The Democratic National Committee is shaking up its nomination process to allow any state to make the case they should be one of the first to hold a primary or caucus.

In previous years, the four traditional early states — Iowa, New Hampshire, Nevada, and South Carolina — have all held waivers to allow them to choose the Democratic presidential nominee before every other state.

But under a new plan adopted by the DNC’s Rules and Bylaws Committee on Wednesday, any state that wants to go first could apply to do so.

South Carolina Democratic Party Chair Trav Robertson said Thursday the state party will be seeking to keep its First-in-the-South slot.

“I think there will be a lot of competition to get one of those spots,” he said. “South Carolina is going to make a very good case that we should remain where we are, if not a little ahead.”

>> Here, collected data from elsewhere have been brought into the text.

theorem degree_sum_kP3_free_bipartite:
  fixes c :: "nat \<Rightarrow> bool"
  assumes col: "\<And>u w. E u w \<Longrightarrow> c u \<noteq> c w" and sym: "\<And>u w. E u w \<Longrightarrow> E w u"
    and k: "k \<ge> 2"
  shows "finite V \<Longrightarrow> card V \<ge> 11 * k - 4 \<Longrightarrow> \<not> has_P3_packing V E k \<Longrightarrow>
         degree_sum V E \<le> 2 * (k - 1) * (card V - k + 1)"
  using k
proof (induction k arbitrary: V rule: nat_induct_at_least)
  case base
  hence "degree_sum V E \<le> 2 * (card V - 1)"
    using degree_sum_2P3_free[where E = E and c = c, OF _ _ _ col sym] by simp
  moreover have "card V - 2 + 1 = card V - 1" using base by simp
  ultimately show ?case by simp
next
  case (Suc k)
  have n: "card V \<ge> 11 * k + 7" using Suc.prems(2) by simp
  have "degree_sum V E \<le> 2 * k * (card V - k)"
  proof (cases "\<exists>v\<in>V. vertex_degree V E v \<ge> 2 * k + 2")
    case True
    then obtain v where "v \<in> V" "vertex_degree V E v \<ge> 2 * k + 2" by blast
    thus ?thesis
      using degree_sum_kP3_free_step_high_degree[where E = E and c = c,
          OF col sym Suc.hyps(1) Suc.IH Suc.prems(1) n Suc.prems(3)] by blast
  next
    case False
    hence "\<And>v. v \<in> V \<Longrightarrow> vertex_degree V E v \<le> 2 * k + 1" by force
    thus ?thesis
      using degree_sum_kP3_free_step_low_degree[where E = E and c = c,
          OF col sym Suc.hyps(1) Suc.IH Suc.prems(1) n Suc.prems(3)] by blast
  qed
  moreover have "card V - Suc k + 1 = card V - k" using Suc.prems(2) by simp
  ultimately show ?case by simp
qed

section \<open>Spectral radius of bipartite graphs\<close>

locale bipartite_eigenvector =
  fixes n :: nat and E :: "nat \<Rightarrow> nat \<Rightarrow> bool" and c :: "nat \<Rightarrow> bool"
    and x :: "nat \<Rightarrow> real" and lam :: real
  assumes sym: "\<And>u v. E u v \<Longrightarrow> E v u"
    and col: "\<And>u v. E u v \<Longrightarrow> c u \<noteq> c v"
    and ev: "\<And>i. i < n \<Longrightarrow> (\<Sum>j<n. adj E i j * x j) = lam * x i"
begin

definition side_mass :: real where
  "side_mass = (\<Sum>i<n. if c i then (x i)\<^sup>2 else 0)"

definition opposite_mass :: real where
  "opposite_mass = (\<Sum>i<n. if c i then 0 else (x i)\<^sup>2)"

definition rdeg :: "nat \<Rightarrow> real" where
  "rdeg i = (\<Sum>j<n. adj E i j)"

definition side_degree_sum :: real where
  "side_degree_sum = (\<Sum>i<n. if c i then rdeg i else 0)"

definition nbr_mass :: "nat \<Rightarrow> real" where
  "nbr_mass i = (\<Sum>j<n. adj E i j * (x j)\<^sup>2)"

text \<open>The slack of a vertex \<open>i\<close> with \<^term>\<open>c i\<close> is nonnegative by Cauchy-Schwarz on row \<open>i\<close>
  and because all neighbours of \<open>i\<close> lie in the other colour class; summing the slacks gives
  \<open>\<lambda>\<^sup>2 \<le> side_degree_sum\<close>, and in the equality case every slack vanishes.\<close>

definition slack :: "nat \<Rightarrow> real" where
  "slack i = (if c i then rdeg i * opposite_mass - (lam * x i)\<^sup>2 else 0)"

lemma adj_nonzero_colours: "adj E i j \<noteq> 0 \<Longrightarrow> c i \<noteq> c j"
  using col by (auto simp: adj_def split: if_splits)

lemma adj_commute: "adj E i j = adj E j i"
  using sym unfolding adj_def by auto

lemma rdeg_nonneg: "rdeg i \<ge> 0"
  unfolding rdeg_def adj_def by (simp add: sum_nonneg)

lemma rdeg_eq_vertex_degree: "rdeg i = real (vertex_degree {..<n} E i)"
  unfolding rdeg_def by (simp add: vertex_degree_eq_sum adj_def of_nat_sum if_distrib cong: if_cong)

lemma rdeg_eq_0_imp_not_adjacent:
  assumes "rdeg i = 0" "j < n"
  shows "\<not> E i j"
proof
  assume "E i j"
  have "adj E i j \<le> rdeg i"
    unfolding rdeg_def by (rule member_le_sum) (use assms(2) in \<open>auto simp: adj_def\<close>)
  with assms(1) \<open>E i j\<close> show False by (simp add: adj_def)
qed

Under the new plan, the DNC will select early states based on three criteria: diversity, competitiveness, and feasibility.

Any state that wants to go before everyone else will have to argue its case to the DNC, and up to five could be chosen by mid-July.

“Our hope is that they’ll see how amazing South Carolina is and has been and how important we’ve been to the nominating process up to this point in selecting presidents of the United States,” Robertson said.

Every four years, South Carolina’s First-in-the-South primaries capture national attention and give the state’s voters a prominent role in selecting their party’s next presidential nominee, an outsized voice they might not have during the general election in such a reliably red state.

The primaries also bring in a lot of money.

“These people coming in and renting cars, hiring staff, working in building and renting buildings, going to restaurants — it’s vitally important to South Carolina’s economy,” Robertson said. “You’re talking anywhere from an additional $50 million to half-a-billion dollars to the local economies in our state.”

States that are not picked would have to wait until early March to hold their Democratic primaries.

“If you go later in the process, when a lot of people have dropped out, it’s a two-person race and it doesn’t seem to make that much difference, or they already know who the nominee’s going to be, then those nominations, those primaries or caucuses, don’t have as much impact,” University of South Carolina Political Science Professor Bob Oldendick said.

Swing states in the Midwest in particular could make a compelling argument to be added to the early calendar, Oldendick said.

The shakeup comes after some Democrats called for change to the calendar following the 2020 first-in-the-nation Iowa caucuses, marred by late results, confusion, and doubt, with critics saying the caucus structure is inaccessible to many as well.

“I think there’s going to be a big shift. I think over the last several election cycles, and particularly with the problems in 2020, people have been very dissatisfied,” he said.

Robertson argues South Carolina is “economically beneficial” for campaigns, with affordability of media markets and ease of travel from one side of the state to the other.

He said Democrats must be careful to ensure a presidential nomination is not limited to only those candidates who have enough wealth to afford an expensive campaign or that the eventual nominee does not run out of money by the time they begin campaigning for the general election.

When Democrats will hold their next presidential nominating contest will heavily depend on if President Joe Biden seeks re-election in 2024, as some state parties opt to not hold primaries or caucuses if an incumbent president from their party is up for re-election.

Republicans, however, will hold nominating contests in two years.

“When it comes to the presidential nomination process, keeping the SCGOP’s First in the South status is our top priority, and we’ve been able to work with other states to maintain the current schedule,” South Carolina Republican Party Chair Drew McKissick said in a statement. “It allows our voters to get a better look and have more access to presidential candidates than the rest of the country. With the way Democrats are plunging in the polls, you would think the presidential primary timeline would be the least of their problems right now.”